2.2.2. Determination of Chlorophyll and Carotenoid Content

The determination of the pigment content of the leaves was carried out by extraction with a mixture of acetone, absolute ethanol, and water at a ratio of 4.5:4.5:1. The amount of 0.1 g of tea plant leaves was weighed under each treatment, and then cut into pieces; 10 mL of the mixed solution was added, and it was extracted in a dark place until the leaves were completely white (about 12 h); the sample was shaken for the 30 s every 2 h. Taking the mixed solution as a control, the supernatant was taken to measure the absorbance value at 663, 645, and 470 nm and calculated the content of chlorophyll a (Chla), b (Chlb), total chlorophyll (Chl), and carotenoid. Each treatment had six replicates. The chlorophyll formula is as follows:

Ca = 12.72 ∗ A663 − 2.59 ∗ A645

Cb = 22.88 ∗ A645 − 4.67 ∗ A663

Ct = 20.29 ∗ A645 + 8.05 ∗ A663

Cc = (1000 ∗ A470 − 3.27 ∗ Ca − 104 ∗ Cb)/229

Chloroplast pigment content(mg/g) = (C ∗ V ∗ N)/W/1000

C: pigment content mg/L, V: volume of extract mL 10, N: dilution ratio 1, W: sample quality g.

2.2.3. Determination of Photosynthetic Parameters

From 9:00 a.m. to 12:00 a.m., the net photosynthetic rate (Pn), stomatal conductance (Gs), intercellular CO₂ concentration (Ci), and transpiration rate (Tr) of tea leaves were measured by the portable photosynthesis measurement system (ciras-3, USA). Each treatment had six replicates.
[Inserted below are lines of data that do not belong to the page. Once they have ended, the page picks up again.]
text \<open>Krull dimension of R/J (J an ideal of R = the whole type): J has dimension d iff
  there is a strict chain of d+1 primes containing J, but no such chain of d+2 primes.\<close>
definition chain_above :: "'a::comm_ring_1 set \<Rightarrow> nat \<Rightarrow> bool" where
  "chain_above J k \<longleftrightarrow> (\<exists>Q :: nat \<Rightarrow> 'a set.
      (\<forall>i\<le>k. prime_in UNIV (Q i) \<and> J \<subseteq> Q i) \<and> (\<forall>i<k. Q i \<subset> Q (Suc i)))"

definition ideal_dim :: "'a::comm_ring_1 set \<Rightarrow> nat \<Rightarrow> bool" where
  "ideal_dim J d \<longleftrightarrow> chain_above J d \<and> \<not> chain_above J (Suc d)"

definition Kt :: "'v set \<Rightarrow> ('v, 'k::zero) mpoly set" where
  "Kt T = {p. \<forall>m\<in>Poly_Mapping.keys p. Poly_Mapping.keys m \<subseteq> T}"

definition alg_indep_mod :: "'v set \<Rightarrow> ('v, 'k::comm_ring_1) mpoly set \<Rightarrow> bool" where
  "alg_indep_mod T J \<longleftrightarrow> (\<forall>p\<in>Kt T. p \<in> J \<longrightarrow> p = 0)"

text \<open>S = K(t)[x], realised inside the fraction field of R as R localised at K[t] - {0}.\<close>
definition Sring :: "'v::linorder set \<Rightarrow> ('v, 'k::idom) mpoly fract set" where
  "Sring T = {Fract f u | f u. u \<in> Kt T \<and> u \<noteq> 0}"

definition ext_ideal :: "'v::linorder set \<Rightarrow> ('v, 'k::idom) mpoly set \<Rightarrow> ('v, 'k) mpoly fract set" where
  "ext_ideal T I = \<Inter>{J. ideal_in (Sring T) J \<and> emb ` I \<subseteq> J}"

definition WS :: "'v::{finite,linorder} set \<Rightarrow> (('v \<Rightarrow>\<^sub>0 nat) \<Rightarrow>\<^sub>0 ('v, 'k::idom) mpoly fract) set" where
  "WS T = {D. \<forall>\<alpha>. Poly_Mapping.lookup D \<alpha> \<in> Sring T}"
(* Let $\xi$ be an integrable random variable, $M\in\mathcal M$, $I\in\mathcal N$ and $t\ge0$ (resp. $t>0$ for the second identity). Then, under the convention $0/0:=0$, almost surely $$\mathbb I^M_t\,\mathbb E[\xi\mid\mathcal G_t\vee\sigma(R_I)]=\mathbb I^M_t\,\frac{\mathbb E_{M,R_I}[\xi\,\mathbb I^M_t]}{\mathbb E_{M,R_I}[\mathbb I^M_t]},\qquad \mathbb I^M_{t-}\,\mathbb E[\xi\mid\mathcal G^-_t\vee\sigma(R_I)]=\mathbb I^M_{t-}\,\frac{\mathbb E_{M,R_I}[\xi\,\mathbb I^M_{t-}]}{\mathbb E_{M,R_I}[\mathbb I^M_{t-}]}.$$ (For $I=\emptyset$, $\sigma(R_I)$ is the trivial $\sigma$-algebra.)
   Context: Standing framework. Let $(\Omega,\mathcal A,P)$ be a complete probability space where $\Omega$ is a Polish space and $\mathcal A$ its Borel $\sigma$-algebra; let $\mathcal Z\subset\mathcal A$ denote the family of $P$-null sets. Let $E$ be a separable complete metric space with Borel $\sigma$-algebra $\mathcal E$. Let $T_i:\Omega\to[0,\infty]$ and $Z_i:\Omega\to E$, $i\in\mathbb N$, be random variables such that for every $i\in\mathbb N$: $Z_{2i-1}=Z_{2i}$, $T_{2i-1}\le T_{2i}$, and $T_{2i-1}<T_{2i}$ on $\{T_{2i}<\infty\}$. Assume $\mathbb E[\sum_{i=1}^\infty\mathbf 1_{\{T_i\le t\}}]<\infty$ for all $t\ge0$. Let $\mathcal N$ be the set of finite subsets of $\mathbb N$ and $\mathcal M$ the set of finite subsets of $\{1,3,5,\dots\}$. For $I\in\mathcal N$ let $E_I=E^{|I|}$, $\mathcal E_I=\mathcal B(E_I)$, $Z_I=(Z_i)_{i\in I}$, and define the random counting measure $\mu_I$ on $[0,\infty)\times E_I$ by $\mu_I([0,t]\times B)=\mathbf 1_{\{t\ge T_i=T_j\ \forall i,j\in I\}\cap\{T_i\neq T_j\ \forall i\in I,\,j\notin I\}}\mathbf 1_{\{Z_I\in B\}}$, $t\ge0$, $B\in\mathcal E_I$. Let $Q_I=\sup\{t\ge0:\mu_I([0,t]\times E_I)=0\}$ and $R_I=(Q_I,Z_I)$. Information: $\mathcal G_t=\sigma\big(\{T_{2i-1}\le t<T_{2i}\}\cap\{Z_{2i}\in B\}:B\in\mathcal E,i\in\mathbb N\big)\vee\mathcal Z$ ($t\ge0$), $\mathcal G^-_t=\sigma\big(\{T_{2i-1}< t\le T_{2i}\}\cap\{Z_{2i}\in B\}:B\in\mathcal E,i\in\mathbb N\big)\vee\mathcal Z$ ($t>0$). For $M\in\mathcal M$: $A^M_t=\bigcap_{i\in M}\{T_i\le t<T_{i+1}\}\cap\bigcap_{i\text{ odd},\,i\notin M}(\Omega\setminus\{T_i\le t<T_{i+1}\})$, $A^M_{t-}$ defined in the same way with $\{T_i<t\le T_{i+1}\}$ in place of $\{T_i\le t<T_{i+1}\}$, $\mathbb I^M_t=\mathbf 1_{A^M_t}$, $\mathbb I^M_{t-}=\mathbf 1_{A^M_{t-}}$. Conditional distributions: for $M\in\mathcal M$, $I\in\mathcal N$, $P_{M,R_I}$ is a fixed regular version of $P(\cdot\mid Z_M,R_I)$ and $\mathbb E_{M,R_I}[\xi]=\int\xi\,dP_{M,R_I}$; $P_M:=P_{M,R_\emptyset}$ (a version of $P(\cdot\mid Z_M)$) and $\mathbb E_M$ its expectation. *)

theory Defs
  imports "HOL-Probability.Probability"
begin

text \<open>Indices are 1-based as in the paper: the index set \<open>\<nat>\<close> of the paper is
  \<open>{1..}\<close>; the values of \<open>T 0\<close>, \<open>Z 0\<close> are never used.\<close>

definition idxN :: "nat set set" where
  "idxN = {I. finite I \<and> 0 \<notin> I}"

definition idxM :: "nat set set" where
  "idxM = {M. finite M \<and> M \<subseteq> {i. odd i}}"

definition ZI :: "(nat \<Rightarrow> 'w \<Rightarrow> 'e) \<Rightarrow> nat set \<Rightarrow> 'w \<Rightarrow> (nat \<Rightarrow> 'e)" where
  "ZI Z I \<omega> = restrict (\<lambda>i. Z i \<omega>) I"

definition EI :: "nat set \<Rightarrow> (nat \<Rightarrow> 'e::topological_space) measure" where
  "EI I = PiM I (\<lambda>_. borel)"

text \<open>The random counting measure on rectangles:
  \<open>\<mu>_I([0,t] \<times> B)\<close>.\<close>
definition muI :: "(nat \<Rightarrow> 'w \<Rightarrow> ennreal) \<Rightarrow> (nat \<Rightarrow> 'w \<Rightarrow> 'e) \<Rightarrow> nat set
    \<Rightarrow> 'w \<Rightarrow> real \<Rightarrow> (nat \<Rightarrow> 'e) set \<Rightarrow> real" where
  "muI T Z I \<omega> t B =
     (if (\<forall>i\<in>I. \<forall>j\<in>I. T i \<omega> \<le> ennreal t \<and> T i \<omega> = T j \<omega>)
       \<and> (\<forall>i\<in>I. \<forall>j. 1 \<le> j \<and> j \<notin> I \<longrightarrow> T i \<omega> \<noteq> T j \<omega>)
       \<and> ZI Z I \<omega> \<in> B then 1 else 0)"

definition QI :: "(nat \<Rightarrow> 'w \<Rightarrow> ennreal) \<Rightarrow> (nat \<Rightarrow> 'w \<Rightarrow> 'e::topological_space) \<Rightarrow> nat set
    \<Rightarrow> 'w \<Rightarrow> ennreal" where
  "QI T Z I \<omega> = Sup (ennreal ` {t. 0 \<le> t \<and> muI T Z I \<omega> t (space (EI I)) = 0})"

definition RI :: "(nat \<Rightarrow> 'w \<Rightarrow> ennreal) \<Rightarrow> (nat \<Rightarrow> 'w \<Rightarrow> 'e::topological_space) \<Rightarrow> nat set
    \<Rightarrow> 'w \<Rightarrow> ennreal \<times> (nat \<Rightarrow> 'e)" where
  "RI T Z I \<omega> = (QI T Z I \<omega>, ZI Z I \<omega>)"

definition RI_space :: "nat set \<Rightarrow> (ennreal \<times> (nat \<Rightarrow> 'e::topological_space)) measure" where
  "RI_space I = borel \<Otimes>\<^sub>M EI I"

definition sigmaRV :: "'w measure \<Rightarrow> ('w \<Rightarrow> 'b) \<Rightarrow> 'b measure \<Rightarrow> 'w measure" where
  "sigmaRV P X N = vimage_algebra (space P) X N"

definition Gt_gen :: "'w measure \<Rightarrow> (nat \<Rightarrow> 'w \<Rightarrow> ennreal) \<Rightarrow> (nat \<Rightarrow> 'w \<Rightarrow> 'e::topological_space)
    \<Rightarrow> real \<Rightarrow> 'w set set" where
  "Gt_gen P T Z t = {{\<omega> \<in> space P. T (2*i-1) \<omega> \<le> ennreal t \<and> ennreal t < T (2*i) \<omega> \<and> Z (2*i) \<omega> \<in> B}
       | i B. 1 \<le> i \<and> B \<in> sets (borel :: 'e measure)}"

definition Gtm_gen :: "'w measure \<Rightarrow> (nat \<Rightarrow> 'w \<Rightarrow> ennreal) \<Rightarrow> (nat \<Rightarrow> 'w \<Rightarrow> 'e::topological_space)
    \<Rightarrow> real \<Rightarrow> 'w set set" where
  "Gtm_gen P T Z t = {{\<omega> \<in> space P. T (2*i-1) \<omega> < ennreal t \<and> ennreal t \<le> T (2*i) \<omega> \<and> Z (2*i) \<omega> \<in> B}
       | i B. 1 \<le> i \<and> B \<in> sets (borel :: 'e measure)}"

definition G_RI :: "'w measure \<Rightarrow> (nat \<Rightarrow> 'w \<Rightarrow> ennreal) \<Rightarrow> (nat \<Rightarrow> 'w \<Rightarrow> 'e::topological_space)
    \<Rightarrow> nat set \<Rightarrow> real \<Rightarrow> 'w measure" where
  "G_RI P T Z I t = sigma (space P)
     (Gt_gen P T Z t \<union> null_sets P \<union> sets (sigmaRV P (RI T Z I) (RI_space I)))"

definition Gm_RI :: "'w measure \<Rightarrow> (nat \<Rightarrow> 'w \<Rightarrow> ennreal) \<Rightarrow> (nat \<Rightarrow> 'w \<Rightarrow> 'e::topological_space)
    \<Rightarrow> nat set \<Rightarrow> real \<Rightarrow> 'w measure" where
  "Gm_RI P T Z I t = sigma (space P)
     (Gtm_gen P T Z t \<union> null_sets P \<union> sets (sigmaRV P (RI T Z I) (RI_space I)))"

definition AM :: "'w measure \<Rightarrow> (nat \<Rightarrow> 'w \<Rightarrow> ennreal) \<Rightarrow> nat set \<Rightarrow> real \<Rightarrow> 'w set" where
  "AM P T M t = {\<omega> \<in> space P.
      (\<forall>i\<in>M. T i \<omega> \<le> ennreal t \<and> ennreal t < T (i+1) \<omega>) \<and>
      (\<forall>i. odd i \<and> i \<notin> M \<longrightarrow> \<not> (T i \<omega> \<le> ennreal t \<and> ennreal t < T (i+1) \<omega>))}"

definition AMm :: "'w measure \<Rightarrow> (nat \<Rightarrow> 'w \<Rightarrow> ennreal) \<Rightarrow> nat set \<Rightarrow> real \<Rightarrow> 'w set" where
  "AMm P T M t = {\<omega> \<in> space P.
      (\<forall>i\<in>M. T i \<omega> < ennreal t \<and> ennreal t \<le> T (i+1) \<omega>) \<and>
      (\<forall>i. odd i \<and> i \<notin> M \<longrightarrow> \<not> (T i \<omega> < ennreal t \<and> ennreal t \<le> T (i+1) \<omega>))}"

definition regular_cond_prob :: "'w measure \<Rightarrow> ('w \<Rightarrow> 'b) \<Rightarrow> 'b measure \<Rightarrow> ('w \<Rightarrow> 'w measure) \<Rightarrow> bool" where
  "regular_cond_prob P X N K \<longleftrightarrow>
     (\<forall>\<omega>\<in>space P. prob_space (K \<omega>) \<and> sets (K \<omega>) = sets P) \<and>
     (\<forall>A\<in>sets P. (\<lambda>\<omega>. emeasure (K \<omega>) A) \<in> borel_measurable (sigmaRV P X N) \<and>
        (\<forall>C\<in>sets (sigmaRV P X N).
           (\<integral>\<^sup>+\<omega>. emeasure (K \<omega>) A * indicator C \<omega> \<partial>P) = emeasure P (A \<inter> C)))"

definition ZM_RI :: "(nat \<Rightarrow> 'w \<Rightarrow> ennreal) \<Rightarrow> (nat \<Rightarrow> 'w \<Rightarrow> 'e::topological_space) \<Rightarrow> nat set \<Rightarrow> nat set
    \<Rightarrow> 'w \<Rightarrow> (nat \<Rightarrow> 'e) \<times> (ennreal \<times> (nat \<Rightarrow> 'e))" where
  "ZM_RI T Z M I \<omega> = (ZI Z M \<omega>, RI T Z I \<omega>)"
(* Let $(\xi_t)_{t\ge0}$ be a standard Brownian motion started at $0$ under a probability measure $P$. Then for any $\delta>0$, $k>0$ and $t\ge0$, \[P\Big(\int_0^t\mathbf 1_{\{\xi_s\in(-\delta,\delta)\}}ds>k\Big)\le 3e^{t/2-k/(4\delta)}.\] *)

theory Defs
  imports "HOL-Probability.Probability"
begin

definition std_brownian_motion :: "'a measure \<Rightarrow> (real \<Rightarrow> 'a \<Rightarrow> real) \<Rightarrow> bool" where
  "std_brownian_motion M xi \<longleftrightarrow>
     prob_space M \<and>
     (\<forall>t\<ge>0. xi t \<in> borel_measurable M) \<and>
     (\<forall>\<omega>\<in>space M. xi 0 \<omega> = 0) \<and>
     (\<forall>\<omega>\<in>space M. continuous_on {0..} (\<lambda>t. xi t \<omega>)) \<and>
     (\<forall>s t. 0 \<le> s \<and> s < t \<longrightarrow>
        distributed M lborel (\<lambda>\<omega>. xi t \<omega> - xi s \<omega>)
          (\<lambda>x. ennreal (normal_density 0 (sqrt (t - s)) x))) \<and>
     (\<forall>ts :: real list. sorted_wrt (<) ts \<and> (\<forall>u\<in>set ts. 0 \<le> u) \<longrightarrow>
        prob_space.indep_vars M (\<lambda>_. borel)
          (\<lambda>i \<omega>. xi (ts ! Suc i) \<omega> - xi (ts ! i) \<omega>) {..<length ts - 1})"

end

(*
  Discretise time with mesh h = t/N.  Since the paths are continuous, Fatou's lemma bounds the
  occupation time of (-\<delta>, \<delta>) by the liminf of the Riemann sums S_N = h * #{j \<le> N. |xi (j h)| < \<delta>},
  so it suffices to bound P(S_N > k) uniformly for fine meshes.  By Chernoff with parameter
  1/(4\<delta>), P(S_N > k) \<le> e^(-k/(4\<delta>)) E(\<Prod>j (1 + a 1{|xi (j h)| < \<delta>})) with a = e^(h/(4\<delta>)) - 1.
  Expanding the product, every term is the probability that xi lies in (-\<delta>, \<delta>) at finitely many
  grid times; by independence of the increments it is at most the product over consecutive gaps u
  of the Gaussian small-ball bound 2\<delta>/sqrt(2\<pi>u).  Charging each gap g of the grid the weight
  e^(-gh/2), at a total cost of at most e^(Nh/2) = e^(t/2), turns the sum over all subsets of the
  grid into a renewal series whose ratio R is at most 2/3 for small h; the sum is then at most
  1/(1 - R) \<le> 3.
*)

theory Submission
  imports Defs
begin

fun gap_prod :: "('a::minus \<Rightarrow> real) \<Rightarrow> 'a \<Rightarrow> 'a list \<Rightarrow> real" where
  "gap_prod f q [] = 1"
| "gap_prod f q (j # js) = f (j - q) * gap_prod f j js"

lemma gap_prod_snoc: "gap_prod f q (js @ [x]) = gap_prod f q js * f (x - last (q # js))"
  by (induction js arbitrary: q) auto

lemma gap_prod_nonneg: "(\<And>g. 0 \<le> f g) \<Longrightarrow> 0 \<le> gap_prod f q js"
  by (induction js arbitrary: q) auto

lemma gap_prod_mult: "gap_prod (\<lambda>g. f g * w g) q js = gap_prod f q js * gap_prod w q js"
  by (induction js arbitrary: q) auto

lemma gap_prod_const: "gap_prod (\<lambda>_. a) q js = a ^ length js"
  by (induction js arbitrary: q) auto

lemma gap_prod_exp:
  "sorted_wrt (<) (q # js) \<Longrightarrow>
     gap_prod (\<lambda>g. exp (c * real g)) q js = exp (c * (real (last (q # js)) - real q))"
proof (induction js arbitrary: q)
  case (Cons j js)
  then show ?case by (simp add: of_nat_diff algebra_simps flip: exp_add)
qed simp

lemma gap_prod_le_exp_mult_weighted:
  assumes sorted: "sorted_wrt (<) (0 # js)" and "set js \<subseteq> {..N}" and "0 \<le> \<theta>" and "\<And>g. 0 \<le> f g"
  shows "gap_prod f 0 js \<le> exp (real N * \<theta>) * gap_prod (\<lambda>g. f g * exp (- (real g * \<theta>))) 0 js"
proof -
  define q where "q = last (0 # js)"
  have "q \<le> N"
    using assms(2) by (cases js rule: rev_cases) (auto simp: q_def)
  have "gap_prod (\<lambda>g. f g * exp (- (real g * \<theta>))) 0 js = gap_prod f 0 js * exp (- (real q * \<theta>))"
    using gap_prod_exp[OF sorted, of "- \<theta>"] by (simp add: gap_prod_mult q_def mult.commute)
  moreover have "1 \<le> exp (real N * \<theta>) * exp (- (real q * \<theta>))"
    using \<open>q \<le> N\<close> \<open>0 \<le> \<theta>\<close> by (simp add: mult_right_mono flip: exp_add)
  ultimately show ?thesis
    using mult_left_mono[of 1 "exp (real N * \<theta>) * exp (- (real q * \<theta>))" "gap_prod f 0 js"]
      gap_prod_nonneg[of f, OF assms(4)] by (simp add: ac_simps)
qed

lemma gap_prod_conv_prod_nth:
  "gap_prod f q ss = (\<Prod>i<length ss. f ((q # ss) ! Suc i - (q # ss) ! i))"
  by (induction ss arbitrary: q) (simp_all add: prod.lessThan_Suc_shift del: prod.lessThan_Suc)

lemma gap_prod_map:
  assumes "sorted_wrt (<) (q # js)" and "\<And>i j. i < j \<Longrightarrow> g j - g i = g (j - i)"
  shows "gap_prod f (g q) (map g js) = gap_prod (f \<circ> g) q js"
  using assms(1) by (induction js arbitrary: q) (simp_all add: assms(2))
lemma Cauchy_Schwarz_suminf:
  fixes a b :: "nat \<Rightarrow> real"
  assumes "summable (\<lambda>n. (a n)\<^sup>2)" "summable (\<lambda>n. (b n)\<^sup>2)"
  shows "summable (\<lambda>n. \<bar>a n * b n\<bar>)"
    and "(\<Sum>n. \<bar>a n * b n\<bar>) \<le> sqrt (\<Sum>n. (a n)\<^sup>2) * sqrt (\<Sum>n. (b n)\<^sup>2)"
proof -
  have pointwise: "\<bar>a n * b n\<bar> \<le> ((a n)\<^sup>2 + (b n)\<^sup>2) / 2" for n
  proof -
    have "0 \<le> (\<bar>a n\<bar> - \<bar>b n\<bar>)\<^sup>2"
      by simp
    then show ?thesis
      by (simp add: power2_eq_square algebra_simps abs_mult)
  qed
  show s: "summable (\<lambda>n. \<bar>a n * b n\<bar>)"
    by (rule summable_comparison_test[where g="\<lambda>n. ((a n)\<^sup>2 + (b n)\<^sup>2) / 2"])
      (use pointwise assms in \<open>auto intro!: summable_divide summable_add\<close>)
  show "(\<Sum>n. \<bar>a n * b n\<bar>) \<le> sqrt (\<Sum>n. (a n)\<^sup>2) * sqrt (\<Sum>n. (b n)\<^sup>2)"
  proof (rule suminf_le_const[OF s])
    fix N
    have "(\<Sum>n<N. \<bar>a n\<bar> * \<bar>b n\<bar>)\<^sup>2 \<le> (\<Sum>n<N. \<bar>a n\<bar>\<^sup>2) * (\<Sum>n<N. \<bar>b n\<bar>\<^sup>2)"
      by (rule Cauchy_Schwarz_ineq_sum)
    also have "\<dots> \<le> (\<Sum>n. (a n)\<^sup>2) * (\<Sum>n. (b n)\<^sup>2)"
      by (rule mult_mono) (auto intro!: sum_le_suminf assms sum_nonneg suminf_nonneg)
    finally have "(\<Sum>n<N. \<bar>a n * b n\<bar>) \<le> sqrt ((\<Sum>n. (a n)\<^sup>2) * (\<Sum>n. (b n)\<^sup>2))"
      by (simp add: abs_mult real_le_rsqrt)
    then show "(\<Sum>n<N. \<bar>a n * b n\<bar>) \<le> sqrt (\<Sum>n. (a n)\<^sup>2) * sqrt (\<Sum>n. (b n)\<^sup>2)"
      by (simp add: real_sqrt_mult)
  qed
qed

definition coeff_functional :: "(nat \<Rightarrow> vec) \<Rightarrow> (nat \<Rightarrow> complex) \<Rightarrow> vec \<Rightarrow> complex" where
  "coeff_functional f D h = (\<Sum>n. D n * inner_l2 h (f n))"

text \<open>\<open>weighted_tensor_sum f D u\<close> is the operator \<open>\<Sum>\<^sub>n D\<^sub>n f\<^sub>n \<otimes> u\<close>.\<close>

definition weighted_tensor_sum :: "(nat \<Rightarrow> vec) \<Rightarrow> (nat \<Rightarrow> complex) \<Rightarrow> vec \<Rightarrow> op" where
  "weighted_tensor_sum f D u = (\<lambda>h m. coeff_functional f D h * u m)"

lemma
  assumes "orthonormal_seq f" "summable (\<lambda>n. (cmod (D n))\<^sup>2)" "h \<in> l2"
  shows summable_coeff_functional: "summable (\<lambda>n. D n * inner_l2 h (f n))"
    and norm_coeff_functional_le:
      "cmod (coeff_functional f D h) \<le> sqrt (\<Sum>n. (cmod (D n))\<^sup>2) * norm_l2 h"
proof -
  note bessel = summable_bessel[OF assms(1,3)] bessel_inequality[OF assms(1,3)]
  note CS = Cauchy_Schwarz_suminf[OF assms(2) bessel(1)]
  show "summable (\<lambda>n. D n * inner_l2 h (f n))"
    by (rule summable_norm_cancel) (use CS(1) in \<open>simp add: norm_mult abs_mult\<close>)
  have "cmod (coeff_functional f D h) \<le> (\<Sum>n. cmod (D n * inner_l2 h (f n)))"
    unfolding coeff_functional_def
    by (rule summable_norm) (use CS(1) in \<open>simp add: norm_mult abs_mult\<close>)
  also have "\<dots> \<le> sqrt (\<Sum>n. (cmod (D n))\<^sup>2) * sqrt (\<Sum>n. (cmod (inner_l2 h (f n)))\<^sup>2)"
    using CS(2) by (simp add: norm_mult abs_mult)
  also have "\<dots> \<le> sqrt (\<Sum>n. (cmod (D n))\<^sup>2) * norm_l2 h"
    using norm_l2_nonneg[OF assms(3)] real_sqrt_le_mono[OF bessel(2)] suminf_nonneg[OF assms(2)]
    by (intro mult_left_mono) auto
  finally show "cmod (coeff_functional f D h) \<le> sqrt (\<Sum>n. (cmod (D n))\<^sup>2) * norm_l2 h" .
qed

lemma coeff_functional_lincomb:
  assumes "orthonormal_seq f" "summable (\<lambda>n. (cmod (D n))\<^sup>2)" "x \<in> l2" "y \<in> l2"
  shows "coeff_functional f D (\<lambda>n. a * x n + b * y n)
           = a * coeff_functional f D x + b * coeff_functional f D y"
proof -
  have "\<And>n. f n \<in> l2"
    using assms(1) by (simp add: orthonormal_seq_def)
  then have "coeff_functional f D (\<lambda>n. a * x n + b * y n)
      = (\<Sum>n. a * (D n * inner_l2 x (f n)) + b * (D n * inner_l2 y (f n)))"
    unfolding coeff_functional_def by (simp add: inner_l2_lincomb_left assms algebra_simps)
  also have "\<dots> = a * coeff_functional f D x + b * coeff_functional f D y"
    unfolding coeff_functional_def
    by (simp add: suminf_add[symmetric] suminf_mult summable_mult summable_coeff_functional assms)
  finally show ?thesis .
qed

lemma coeff_functional_scale:
  assumes "orthonormal_seq f" "summable (\<lambda>n. (cmod (D n))\<^sup>2)" "h \<in> l2"
  shows "coeff_functional f (\<lambda>n. k * D n) h = k * coeff_functional f D h"
  unfolding coeff_functional_def
  using suminf_mult[OF summable_coeff_functional[OF assms], of k] by (simp add: mult.assoc)

lemma
  assumes "summable (\<lambda>n. (cmod (D n))\<^sup>2)" "0 \<le> k"
  shows summable_scaled_coeffs: "summable (\<lambda>n. (cmod (of_real k * D n))\<^sup>2)"
    and sqrt_suminf_scaled_coeffs:
      "sqrt (\<Sum>n. (cmod (of_real k * D n))\<^sup>2) = k * sqrt (\<Sum>n. (cmod (D n))\<^sup>2)"
  using summable_mult[OF assms(1), of "k\<^sup>2"] suminf_mult[OF assms(1), of "k\<^sup>2"] assms(2)
  by (simp_all add: norm_mult power_mult_distrib real_sqrt_mult)

lemma coeff_functional_single:
  "coeff_functional f (\<lambda>k. if k = n then d else 0) h = d * inner_l2 h (f n)"
  unfolding coeff_functional_def by (subst suminf_finite[of "{n}"]) auto

section \<open>Operator norm and rank-one operators\<close>

definition unit_ball_bounded :: "op \<Rightarrow> real \<Rightarrow> bool" where
  "unit_ball_bounded T K \<longleftrightarrow>
     (\<forall>x\<in>l2. T x \<in> l2) \<and> (\<forall>x\<in>l2. norm_l2 x \<le> 1 \<longrightarrow> norm_l2 (T x) \<le> K)"

lemma opnorm_le:
  assumes "\<And>x. x \<in> l2 \<Longrightarrow> norm_l2 x \<le> 1 \<Longrightarrow> norm_l2 (T x) \<le> K"
  shows "opnorm T \<le> K"
  unfolding opnorm_def
proof (rule cSup_least)
  show "{norm_l2 (T x) |x. x \<in> l2 \<and> norm_l2 x \<le> 1} \<noteq> {}"
    using l2_zero norm_l2_zero by (metis (mono_tags, lifting) empty_Collect_eq zero_le_one)
qed (use assms in auto)

lemma norm_l2_le_opnorm:
  assumes "unit_ball_bounded T K" "x \<in> l2" "norm_l2 x \<le> 1"
  shows "norm_l2 (T x) \<le> opnorm T"
  unfolding opnorm_def
  by (rule cSup_upper) (use assms in \<open>auto simp: unit_ball_bounded_def bdd_above_def\<close>)

lemma opnorm_nonneg:
  assumes "unit_ball_bounded T K"
  shows "0 \<le> opnorm T"
proof -
  have "0 \<le> norm_l2 (T (\<lambda>_. 0))"
    using assms norm_l2_nonneg by (simp add: unit_ball_bounded_def)
  also have "\<dots> \<le> opnorm T"
    by (rule norm_l2_le_opnorm[OF assms]) auto
  finally show ?thesis .
qed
2.2.4. Determination of Soluble Sugar (SS) Content

The SS content of tea plants under different shading was determined with the kit of Suzhou Grace Biotechnology Co., Ltd. (Suzhou, China). Each treatment had six replicates; the following instructions were applied:

Weigh 0.1 g of tea leaves stored at −80 °C, add 0.8 mL of 80% ethanol, homogenize in an ice bath, pour into a centrifuge tube, and then rinse the mortar with 80% ethanol and transfer to a centrifuge tube to a constant volume of 1.5 mL. Place in a 50 °C water bath for 20 min. After cooling, centrifuge at 12,000 rpm for 10 min at room temperature and take the supernatant for backup.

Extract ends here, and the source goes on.